Positive Theory as Normative Critique
68 S. CAL. L. REV. 1565 (1995)

Farber sets out the basics of interest group theory and Arrow's Theorem before considering the extent that Positive Political Theory (PPT) casts doubt on the democratic process. Farber observes that public choice theory and particularly the impossibility theorem are stated at very high levels of abstraction, and tend to focus only on legislatures and democracy. It follows, says Farber, that PPT isn't really suited to help us choose among decision-makers and specific institutional arrangements. The central point is that the normative impact of PPT is slim at the level of doctrine, but significant in its potential to undermine pluralistic democracy.

 

Farber, Daniel A.
Free Speech Without Romance: Public Choice and the First Amendment
105 HARV. L. REV. 554 (1991)

The central thesis of this paper is that the economics of information combined with public choice theory can explain much of First Amendment doctrine. Information is a quasi-public good since its owners are often unable to capture its full value. Public choice theory predicts that both the market and the legislature will undervalue goods with this characteristic. Therefore, it is necessary to encourage the production of socially useful information with a constitutional protection for information-related activities.

 

Fitts, Michael A.
Can Ignorance Be Bliss? Imperfect Information as a Positive Influence in Political Institutions
88 MICH. L. REV. 917 (1990)

This article explores how imperfect information can aid the political process. The ambiguity that best serves the public interest is limited information about actors' ideologies. Fitts hypothesizes that if each of us fully understood each other's agendas, great fissures would become transparent, leading us to be much more likely to engage in hold-outs and other strategic behavior in order to frustrate our opponents. Political parties thus serve a beneficial cloaking function by aligning us by ideology rather loosely. A second type of benefit is described as "veils of ignorance" created by imperfect information. The idea is that because we have limited foresight, parties in power will temper their opportunism, lest they later bear the brunt of what they wrought when in control.

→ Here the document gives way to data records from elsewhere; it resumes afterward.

lemma fps_exp_compose_nth_if_recursion:
  fixes a :: "nat \<Rightarrow> 'a::field_char_0" and B :: "'a fps"
  assumes B0: "B $ 0 = 0" and a0: "a 0 = 1"
    and rec: "\<And>n. Suc n \<le> N \<Longrightarrow>
      of_nat (Suc n) * a (Suc n) = (\<Sum>j\<le>n. of_nat (Suc j) * B $ Suc j * a (n - j))"
    and "n \<le> N"
  shows "a n = (fps_exp 1 oo B) $ n"
  using \<open>n \<le> N\<close>
proof (induction n rule: less_induct)
  case (less n)
  show ?case
  proof (cases n)
    case 0
    then show ?thesis by (simp add: a0)
  next
    case (Suc m)
    have "of_nat (Suc m) * a (Suc m) = (\<Sum>j\<le>m. of_nat (Suc j) * B $ Suc j * a (m - j))"
      using rec less.prems Suc by blast
    also have "\<dots> = (\<Sum>j\<le>m. of_nat (Suc j) * B $ Suc j * (fps_exp 1 oo B) $ (m - j))"
      using less Suc by (intro sum.cong refl) auto
    also have "\<dots> = of_nat (Suc m) * (fps_exp 1 oo B) $ Suc m"
      by (rule fps_exp_compose_nth_Suc[OF B0, symmetric])
    finally show ?thesis
      using Suc by (simp del: of_nat_Suc)
  qed
qed

lemma sum_atMost_power_div_fact_le_exp:
  fixes x :: real
  assumes "x \<ge> 0"
  shows "(\<Sum>i\<le>N. x ^ i / fact i) \<le> exp x"
proof -
  have sums: "(\<lambda>i. x ^ i / fact i) sums exp x"
    using exp_converges[of x] by (simp add: divide_inverse mult.commute)
  have "(\<Sum>i<Suc N. x ^ i / fact i) \<le> (\<Sum>i. x ^ i / fact i)"
    using assms by (intro sum_le_suminf sums_summable[OF sums]) auto
  then show ?thesis
    by (simp add: lessThan_Suc_atMost sums_unique[OF sums, symmetric])
qed

lemma sum_atMost_fps_exp_compose_le:
  fixes B :: "real fps"
  assumes nonneg: "\<And>n. B $ n \<ge> 0"
  shows "(\<Sum>n\<le>N. (fps_exp 1 oo B) $ n) \<le> exp (\<Sum>n\<le>N. B $ n)"
proof -
  have "(\<Sum>n\<le>N. (fps_exp 1 oo B) $ n) = (\<Sum>n\<le>N. \<Sum>i\<le>n. (B ^ i) $ n / fact i)"
    by (simp add: fps_exp_compose_nth)
  also have "\<dots> \<le> (\<Sum>n\<le>N. \<Sum>i\<le>N. (B ^ i) $ n / fact i)"
    by (intro sum_mono sum_mono2) (auto intro!: divide_nonneg_pos fps_power_nth_nonneg nonneg)
  also have "\<dots> = (\<Sum>i\<le>N. (\<Sum>n\<le>N. (B ^ i) $ n) / fact i)"
    by (subst sum.swap) (simp add: sum_divide_distrib)
  also have "\<dots> \<le> (\<Sum>i\<le>N. (\<Sum>n\<le>N. B $ n) ^ i / fact i)"
    by (intro sum_mono divide_right_mono sum_atMost_fps_power_le nonneg) auto
  also have "\<dots> \<le> exp (\<Sum>n\<le>N. B $ n)"
    by (rule sum_atMost_power_div_fact_le_exp) (auto intro: sum_nonneg nonneg)
  finally show ?thesis .
qed

lemma exp_sum_atMost_le_suminf_fps_exp_compose:
  fixes B :: "real fps"
  assumes B0: "B $ 0 = 0" and nonneg: "\<And>n. B $ n \<ge> 0"
    and summable: "summable (\<lambda>n. (fps_exp 1 oo B) $ n)"
  shows "exp (\<Sum>n\<le>K. B $ n) \<le> (\<Sum>n. (fps_exp 1 oo B) $ n)"
proof -
  let ?s = "\<Sum>n\<le>K. B $ n"
  have "(\<Sum>i<L. ?s ^ i / fact i) \<le> (\<Sum>n. (fps_exp 1 oo B) $ n)" for L
  proof -
    have "(\<Sum>i<L. ?s ^ i / fact i) \<le> (\<Sum>i\<le>L. ?s ^ i / fact i)"
      by (rule sum_mono2) (auto intro!: divide_nonneg_pos zero_le_power sum_nonneg nonneg)
    also have "\<dots> \<le> (\<Sum>i\<le>L. (\<Sum>n\<le>i * K. (B ^ i) $ n) / fact i)"
      by (intro sum_mono divide_right_mono power_sum_atMost_le_fps_power nonneg) auto
    also have "\<dots> \<le> (\<Sum>i\<le>L. (\<Sum>n\<le>L * K. (B ^ i) $ n) / fact i)"
      by (intro sum_mono divide_right_mono sum_mono2) (auto intro: fps_power_nth_nonneg nonneg)
    also have "\<dots> = (\<Sum>n\<le>L * K. \<Sum>i\<le>L. (B ^ i) $ n / fact i)"
      by (subst sum.swap) (simp add: sum_divide_distrib)
    also have "\<dots> \<le> (\<Sum>n\<le>L * K. (fps_exp 1 oo B) $ n)"
    proof (rule sum_mono)
      fix n
      have "(\<Sum>i\<le>L. (B ^ i) $ n / fact i) \<le> (\<Sum>i\<le>max L n. (B ^ i) $ n / fact i)"
        by (rule sum_mono2) (auto intro!: divide_nonneg_pos fps_power_nth_nonneg nonneg)
      also have "\<dots> = (\<Sum>i\<le>n. (B ^ i) $ n / fact i)"
        using startsby_zero_power_prefix[OF B0]
        by (intro sum.mono_neutral_right) auto
      finally show "(\<Sum>i\<le>L. (B ^ i) $ n / fact i) \<le> (fps_exp 1 oo B) $ n"
        by (simp add: fps_exp_compose_nth)
    qed
    also have "\<dots> \<le> (\<Sum>n. (fps_exp 1 oo B) $ n)"
      by (intro sum_le_suminf summable)
        (auto simp: fps_exp_compose_nth intro!: sum_nonneg divide_nonneg_pos fps_power_nth_nonneg nonneg)
    finally show ?thesis .
  qed
  moreover have "(\<lambda>i. ?s ^ i / fact i) sums exp ?s"
    using exp_converges[of ?s] by (simp add: divide_inverse mult.commute)
  ultimately show ?thesis
    by (metis sums_unique sums_summable suminf_le_const)
qed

Perfect information, by contrast, would lead the powerful to maximize their personal benefits.

Kornhauser, Lewis A.
Adjudication by a Resource-Constrained Team: Hierarchy and Precedent in a Judicial System
68 S. CAL. L. REV. 1605 (1995)

This article presents a formal model of the judiciary as a "team" in pursuit of its own interests rather than the agent of the legislature. The team's goal is "correct" decisions, defined loosely enough to include the desire to be upheld on appeal, to follow precedent, to create a more efficient society, or to achieve corrective justice. The point is not the content of this goal, but the assumption that the judiciary acts together to maximize some shared value in light of resource constraints. How U.S. judges act together is through the hierarchical organization of courts, the division of law and fact, and the convention of vertical precedent. These are each explained as reflective of decisions made to optimize the number of "correct" decisions given limited resources. The point of this model is simply to derive several positive aspects of the U.S. judicial system.

 

Kornhauser, Lewis A.
Modeling Collegial Courts I: Path-Dependence; and Modeling Collegial Courts (II): Legal Doctrine
12 INT. REV. L. & ECON. 169 (1992); and 8 J.L. ECON. & ORG. 441 (1992)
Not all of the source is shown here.